‘D——n Sir Arthur Custer!’ said the master of the house. ‘Here, Oakley, get out of this! I must see him.’

Oakley got out, and Sir Arthur was ushered in. Sir Arthur looked at his host queerly, and then with much care shut the door.

‘I say, Lock,’ he said, putting his silk hat on the table, ‘it seems to me we’re in a devil of a hole.’

‘Indeed!’ said Simon Lock cautiously.

‘Yes,’ Sir Arthur insisted. ‘Of course I’m sure that when you asked me to join you in this Princesse affair——’

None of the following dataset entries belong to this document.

(* Fix integers $\Lambda\ge1$, $K\ge1$ and $N\ge K$, and consider the ensemble $\mathcal B$ of all connectivities in which each of the $K$ users may be connected to an arbitrary subset (possibly empty, possibly all) of the $\Lambda$ caches, all connectivities being equiprobable. Under a fixed uncoded cache placement (common to all connectivities), the optimal average worst-case load satisfies $R^\star_{\text{avg},\mathcal B}(M)\ge R_{\text{avg},\mathcal B,\text{LB}}(M)$ for all $M\in[0,N]$, where $R_{\text{avg},\mathcal B,\text{LB}}$ is the piecewise linear curve with corner points \[ \left(t\frac{N}{\Lambda},\ \sum_{\lambda=0}^{\Lambda}\left(\frac{K\binom{\Lambda}{t+\lambda}}{2^{\Lambda}\binom{\Lambda}{t}}+A_{t,\lambda}\right)\right),\qquad t\in\{0,1,\dots,\Lambda\}, \] with \[ A_{t,\lambda}=\frac{K}{|\mathcal B|}\binom{\Lambda-t}{\lambda}\left(1-\frac{1}{\binom{t+\lambda}{\lambda}}\right),\qquad |\mathcal B|=\binom{K+2^{\Lambda}-1}{K}. \]
   Context: Multi-access coded caching model: a server holds $N$ files $W_1,\dots,W_N$ of $B$ bits each; $\Lambda$ caches, each storing $MB$ bits; $K$ users, $N\ge K$. Each user $u$ is connected to a subset $\mathcal U_u\subseteq[\Lambda]$ of caches and can read their full contents. A connectivity is identified, up to permutation of users, with the vector $(K_{\mathcal U}:\mathcal U\subseteq[\Lambda])$ of non-negative integers summing to $K$, where $K_{\mathcal U}$ is the number of users whose set of connected caches is exactly $\mathcal U$; $\mathcal B$ is the set of all such vectors (so $|\mathcal B|=\binom{K+2^\Lambda-1}{K}$). Uncoded placement: each file $W_n$ is partitioned into disjoint subfiles $W_{n,\mathcal T}$, $\mathcal T\subseteq[\Lambda]$, and cache $\ell$ stores exactly the $W_{n,\mathcal T}$ with $\ell\in\mathcal T$, at most $MB$ bits per cache. Delivery: each user requests a file index; the server broadcasts an error-free message $X$ depending on the library and demands; each user must decode its requested file from $X$ and its connected caches. For a placement $P$ and a connectivity $b$, $R_b(P)$ is the minimum over delivery schemes (designed knowing $b$) of the worst-case (over demand vectors) value of $|X|/B$. The optimal average worst-case load is $R^\star_{\text{avg},\mathcal B}(M)=\inf_P\frac{1}{|\mathcal B|}\sum_{b\in\mathcal B}R_b(P)$, the infimum over uncoded placements $P$ of cache size $M$ (the placement is fixed, chosen without knowledge of the connectivity). A piecewise linear curve with given corner points is the linear interpolation between consecutive points. Convention: $\binom{n}{k}=0$ if $n<0$, $k<0$ or $n<k$. *)

theory Defs
  imports Complex_Main "HOL-Library.Multiset"
begin

text \<open>Files are indexed by n < N, bit positions by j < B,
  caches by l < Lam (so the cache set [Lambda] is rendered as {..<Lam}), users by u < K.
  A library is W :: nat => nat => bool (W n j = j-th bit of file n).\<close>

definition valid_lib :: "nat \<Rightarrow> nat \<Rightarrow> (nat \<Rightarrow> nat \<Rightarrow> bool) \<Rightarrow> bool" where
  "valid_lib N B W \<longleftrightarrow> (\<forall>n j. \<not> (n < N \<and> j < B) \<longrightarrow> W n j = False)"

text \<open>Uncoded placement: bit j of file n belongs to the subfile W_{n,T} with T = P n j,
  and cache l stores exactly those bits with l in T; at most M*B bits per cache.\<close>
definition uncoded_placement ::
  "nat \<Rightarrow> nat \<Rightarrow> nat \<Rightarrow> real \<Rightarrow> (nat \<Rightarrow> nat \<Rightarrow> nat set) \<Rightarrow> bool" where
  "uncoded_placement Lam N B M P \<longleftrightarrow>
     (\<forall>n<N. \<forall>j<B. P n j \<subseteq> {..<Lam}) \<and>
     (\<forall>l<Lam. real (card {(n, j). n < N \<and> j < B \<and> l \<in> P n j}) \<le> M * real B)"

definition cache_view ::
  "nat \<Rightarrow> nat \<Rightarrow> (nat \<Rightarrow> nat \<Rightarrow> nat set) \<Rightarrow> nat set \<Rightarrow> (nat \<Rightarrow> nat \<Rightarrow> bool) \<Rightarrow> nat \<Rightarrow> nat \<Rightarrow> bool" where
  "cache_view N B P U W = (\<lambda>n j. if n < N \<and> j < B \<and> P n j \<inter> U \<noteq> {} then W n j else False)"

text \<open>Load r is achievable for placement P and user-to-cache connection list conn
  (user u is connected to conn ! u): there is an encoder (message as a bit string,
  depending on demands and library) of length at most r*B for every demand vector
  and library, and decoders such that every user recovers its requested file.\<close>
definition achievable_load ::
  "nat \<Rightarrow> nat \<Rightarrow> nat \<Rightarrow> (nat \<Rightarrow> nat \<Rightarrow> nat set) \<Rightarrow> nat set list \<Rightarrow> real \<Rightarrow> bool" where
  "achievable_load K N B P conn r \<longleftrightarrow>
     (\<exists>(enc :: (nat \<Rightarrow> nat) \<Rightarrow> (nat \<Rightarrow> nat \<Rightarrow> bool) \<Rightarrow> bool list)
       (dec :: nat \<Rightarrow> (nat \<Rightarrow> nat) \<Rightarrow> bool list \<Rightarrow> (nat \<Rightarrow> nat \<Rightarrow> bool) \<Rightarrow> nat \<Rightarrow> bool).
       \<forall>d W. (\<forall>u<K. d u < N) \<and> valid_lib N B W \<longrightarrow>
          real (length (enc d W)) \<le> r * real B \<and>
          (\<forall>u<K. \<forall>j<B. dec u d (enc d W) (cache_view N B P (conn ! u) W) j = W (d u) j))"

definition load_conn ::
  "nat \<Rightarrow> nat \<Rightarrow> nat \<Rightarrow> (nat \<Rightarrow> nat \<Rightarrow> nat set) \<Rightarrow> nat set list \<Rightarrow> real" where
  "load_conn K N B P conn = Inf {r. achievable_load K N B P conn r}"

text \<open>Connectivities up to user permutation: multisets of K subsets of the caches,
  i.e. the vectors (K_U) with sum K.\<close>
definition connectivities :: "nat \<Rightarrow> nat \<Rightarrow> nat set multiset set" where
  "connectivities Lam K = {b. size b = K \<and> set_mset b \<subseteq> Pow {..<Lam}}"

text \<open>R_b(P): realise b by any ordering of the users (the value does not depend on it).\<close>
definition load_b ::
  "nat \<Rightarrow> nat \<Rightarrow> nat \<Rightarrow> (nat \<Rightarrow> nat \<Rightarrow> nat set) \<Rightarrow> nat set multiset \<Rightarrow> real" where
  "load_b K N B P b = load_conn K N B P (SOME xs. mset xs = b)"

definition R_star_avg :: "nat \<Rightarrow> nat \<Rightarrow> nat \<Rightarrow> nat \<Rightarrow> real \<Rightarrow> real" where
  "R_star_avg Lam K N B M =
     Inf ((\<lambda>P. (\<Sum>b\<in>connectivities Lam K. load_b K N B P b) / real (card (connectivities Lam K)))
          ` {P. uncoded_placement Lam N B M P})"

definition A_coef :: "nat \<Rightarrow> nat \<Rightarrow> nat \<Rightarrow> nat \<Rightarrow> real" where
  "A_coef Lam K t l =
     real K / real ((K + 2 ^ Lam - 1) choose K) * real ((Lam - t) choose l)
       * (1 - 1 / real ((t + l) choose l))"

definition corner_load :: "nat \<Rightarrow> nat \<Rightarrow> nat \<Rightarrow> real" where
  "corner_load Lam K t =
     (\<Sum>l = 0..Lam. real K * real (Lam choose (t + l)) / (2 ^ Lam * real (Lam choose t))
                     + A_coef Lam K t l)"

text \<open>Piecewise linear curve through (t N / Lam, corner_load t), t = 0..Lam.
  With s = M Lam / N, on the segment t <= s <= t+1 the value is the linear interpolation.\<close>
definition R_avg_LB :: "nat \<Rightarrow> nat \<Rightarrow> nat \<Rightarrow> real \<Rightarrow> real" where
  "R_avg_LB Lam K N M =
     (let s = M * real Lam / real N; t = min (nat \<lfloor>s\<rfloor>) (Lam - 1)
      in corner_load Lam K t + (s - real t) * (corner_load Lam K (t + 1) - corner_load Lam K t))"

‘You will pardon me, Sir Arthur,’ said Lock, stopping him very politely and formally, ‘I did not ask you to join me. It was yourself who suggested that.’

‘Ah, well!’ said Sir Arthur, with a little less assurance, ‘we won’t quarrel about that. At any rate, I understood from you that we were in for a deuced good thing.’

‘That is so,’ Lock returned. ‘By the way, sit down, Sir Arthur, and remain calm.’

‘Am I not calm?’ asked the member of Parliament, whose pomposity was unaccustomed to be trifled with.

‘Certainly you are calm. I merely ask you to remain so. Now to come to the business in hand. I said, you remind me, that we were in for a good thing. So we were. But some secret force has been working against us. If I could unmask that secret force all would be well, for I could then bring pressure to bear that would effectually—— You understand?’